Quando foi publicado em sua primeira edição, em 1952, o "Manual Diagnóstico e


Estatístico de Transtornos Mentais" (DSM) continha 128 categorias para a descrição de
modalidades de sofrimento psíquico. Em 2013, em sua quinta e última versão, o Manual
apresentava 541 categorias.

Ou seja, em algo em torno de 60 anos, 413 novas categorias foram "descobertas". Não
há nenhum setor das ciências que tenha conhecido um desenvolvimento tão anômalo e
impressionante.

O que afinal tal desenvolvimento significa? Os editores da primeira versão do DSM não
foram capazes de identificar 413 categorias que existiam e estavam à espera de nossa
descrição ou, em 60 anos, tais categorias foram simplesmente criadas?

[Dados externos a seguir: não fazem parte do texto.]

(* Let $f$ be an automorphism of a finite connected (marked) graph $\Gamma$ such that $\langle f\rangle$ acts freely on $\Gamma$ with a single orbit of vertices. Suppose $s$ and $t$ are edges lying in distinct $\langle f\rangle$-orbits and forming a coherently oriented path of length $2$, meeting at $v=\tau(s)=\iota(t)$. Then there is an $\langle f\rangle$-equivariant Whitehead move (an equivariant expansion followed by an equivariant collapse) sliding $s$ along $t$: after the move and relabelling, the graph and the action are unchanged except that now $\tau(s)=\tau(t)$, and correspondingly $\tau(f^i(s))=\tau(f^i(t))$ for all $i$.
   Context: For an oriented edge $e$, $\iota(e)$ is its initial vertex and $\tau(e)$ its terminal vertex. An equivariant expansion replaces vertices by an $\langle f\rangle$-invariant forest (blow-up), and an equivariant collapse contracts an $\langle f\rangle$-invariant forest; both produce a new marked graph with an automorphism realising the same element of $\mathrm{Out}(F_n)$. *)

theory Defs
  imports Main
begin

definition is_graph :: "'v set \<Rightarrow> 'e set \<Rightarrow> ('e \<Rightarrow> 'v) \<Rightarrow> ('e \<Rightarrow> 'v) \<Rightarrow> ('e \<Rightarrow> 'e) \<Rightarrow> bool" where
  "is_graph V E \<iota> \<tau> bar \<longleftrightarrow>
     (\<forall>e\<in>E. \<iota> e \<in> V \<and> \<tau> e \<in> V \<and> bar e \<in> E \<and> bar e \<noteq> e \<and> bar (bar e) = e \<and> \<iota> (bar e) = \<tau> e)"

fun epath :: "('e \<Rightarrow> 'v) \<Rightarrow> ('e \<Rightarrow> 'v) \<Rightarrow> 'v \<Rightarrow> 'e list \<Rightarrow> 'v \<Rightarrow> bool" where
  "epath \<iota> \<tau> x [] y = (x = y)"
| "epath \<iota> \<tau> x (e # es) y = (\<iota> e = x \<and> epath \<iota> \<tau> (\<tau> e) es y)"

definition reduced_path :: "('e \<Rightarrow> 'e) \<Rightarrow> 'e list \<Rightarrow> bool" where
  "reduced_path bar es \<longleftrightarrow> (\<forall>i. Suc i < length es \<longrightarrow> es ! Suc i \<noteq> bar (es ! i))"

definition connected_graph :: "'v set \<Rightarrow> 'e set \<Rightarrow> ('e \<Rightarrow> 'v) \<Rightarrow> ('e \<Rightarrow> 'v) \<Rightarrow> bool" where
  "connected_graph V E \<iota> \<tau> \<longleftrightarrow> (\<forall>x\<in>V. \<forall>y\<in>V. \<exists>es. set es \<subseteq> E \<and> epath \<iota> \<tau> x es y)"

definition is_forest :: "'e set \<Rightarrow> ('e \<Rightarrow> 'v) \<Rightarrow> ('e \<Rightarrow> 'v) \<Rightarrow> ('e \<Rightarrow> 'e) \<Rightarrow> 'e set \<Rightarrow> bool" where
  "is_forest E \<iota> \<tau> bar F \<longleftrightarrow> F \<subseteq> E \<and> bar ` F \<subseteq> F \<and>
     \<not> (\<exists>x es. es \<noteq> [] \<and> set es \<subseteq> F \<and> epath \<iota> \<tau> x es x \<and> reduced_path bar es)"

definition is_aut :: "'v set \<Rightarrow> 'e set \<Rightarrow> ('e \<Rightarrow> 'v) \<Rightarrow> ('e \<Rightarrow> 'v) \<Rightarrow> ('e \<Rightarrow> 'e)
     \<Rightarrow> ('v \<Rightarrow> 'v) \<Rightarrow> ('e \<Rightarrow> 'e) \<Rightarrow> bool" where
  "is_aut V E \<iota> \<tau> bar fV fE \<longleftrightarrow> bij_betw fV V V \<and> bij_betw fE E E \<and>
     (\<forall>e\<in>E. \<iota> (fE e) = fV (\<iota> e) \<and> \<tau> (fE e) = fV (\<tau> e) \<and> fE (bar e) = bar (fE e))"

text \<open>The cyclic group generated by the automorphism acts freely: a power of f that
  fixes a vertex, or fixes or inverts an edge, is the identity.  (Since the graph is
  finite, f has finite order, so natural-number powers exhaust the group.)\<close>
definition acts_freely :: "'v set \<Rightarrow> 'e set \<Rightarrow> ('e \<Rightarrow> 'e) \<Rightarrow> ('v \<Rightarrow> 'v) \<Rightarrow> ('e \<Rightarrow> 'e) \<Rightarrow> bool" where
  "acts_freely V E bar fV fE \<longleftrightarrow> (\<forall>k::nat.
     ((\<exists>x\<in>V. (fV ^^ k) x = x) \<or> (\<exists>e\<in>E. (fE ^^ k) e = e \<or> (fE ^^ k) e = bar e))
     \<longrightarrow> (\<forall>x\<in>V. (fV ^^ k) x = x) \<and> (\<forall>e\<in>E. (fE ^^ k) e = e))"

Pois seria plausível imaginar que os psiquiatras de nossos avós eram tão incapazes a
ponto de não enxergar 413 categorias descritivas? Mas se elas foram criadas, então
deveríamos nos perguntar qual a razão para tanto?

O que está em jogo nessa nova reconfiguração geral de descrição das formas do
sofrimento psíquico e em suas modalidades de intervenção? Um termo como
"esquizofrenia" é, de fato, uma espécie natural dotada de certas características
diferenciais e individualizadoras biologicamente marcadas?

Longe de interessar apenas a psiquiatras, tais questões dizem respeito a todos nós. A
maneira como descrevemos nossas formas de sofrer é um setor importante da maneira
com que as sociedades se reproduzem, definem o que pode ou não existir, o que pode
ou não ter existência social.

Normalmente, descrevemos a doença como uma limitação da capacidade de ação. Ou


seja, ao ficar doente, o organismo limita seu horizonte de ação, sua capacidade de lidar
com as instabilidades do seu meio ambiente.

Tal definição vale também para o que definimos por "doença mental". Mas, neste caso,
não é difícil perceber que o "meio ambiente" do qual falamos é o meio social em que
organizamos nossos comportamentos, em que seguimos normas e realizamos valores.

O sofrimento pode, então, não dizer respeito apenas à consciência do doente em estar
diante de uma vida limitada, mas ao prejuízo e à inadaptação a situações socialmente
vistas como necessárias.
Nesses casos, o sofrimento aparece necessariamente como o objeto de uma patologia.

Neste sentido, nos perguntemos sobre a estratégia por trás dessa explosão de
categorias clínicas no campo psiquiátrico.

Muitas delas foram resultados da decomposição de grandes categorias como a neurose


obsessiva, a histeria, a paranoia. Categorias estas que simplesmente não existem mais,
mesmo que a psicologia popular as tenha conservado.

Ao serem decompostas, elas perderam não apenas seu caráter de síndromes que
tocariam toda a extensão do comportamento humano. Elas perderam sua história, ou
seja, a forma com que elas traziam em seu bojo a história das dificuldades de
socialização e individuação dos sujeitos concernidos.

A partir de então, nossas doenças serão doenças sem história, nossas vidas não serão
mais descritas em suas contradições e dificuldades de construção de vias singulares. Elas
serão analisadas a partir de variáveis específicas ligadas a humor, a atenção, a
capacidade de síntese, a afetividade adequada.

Cada uma dessas dimensões da experiência serão submetidas a padrões de normalidade


e de medida, mesmo que muitas delas tenham marcadores biológicos obscuros. Padrões
esses que expressarão um desejo de performance que acabará por se naturalizar como
a figura mesma de uma vida bem realizada.

Dentro de uma lógica dessa natureza, a possibilidade de intervir e transformar


comportamentos, julgamentos e reações em objeto de um saber médico para além de
toda contestação possível aparece como uma forma insidiosa de não precisar mais lidar
com a singularidade das histórias que compõem o campo de experiência de uma vida.

Nunca na história do Ocidente a intervenção clínica nos comportamentos foi tão


desenvolvida, esquadrinhando tantas dimensões da existência.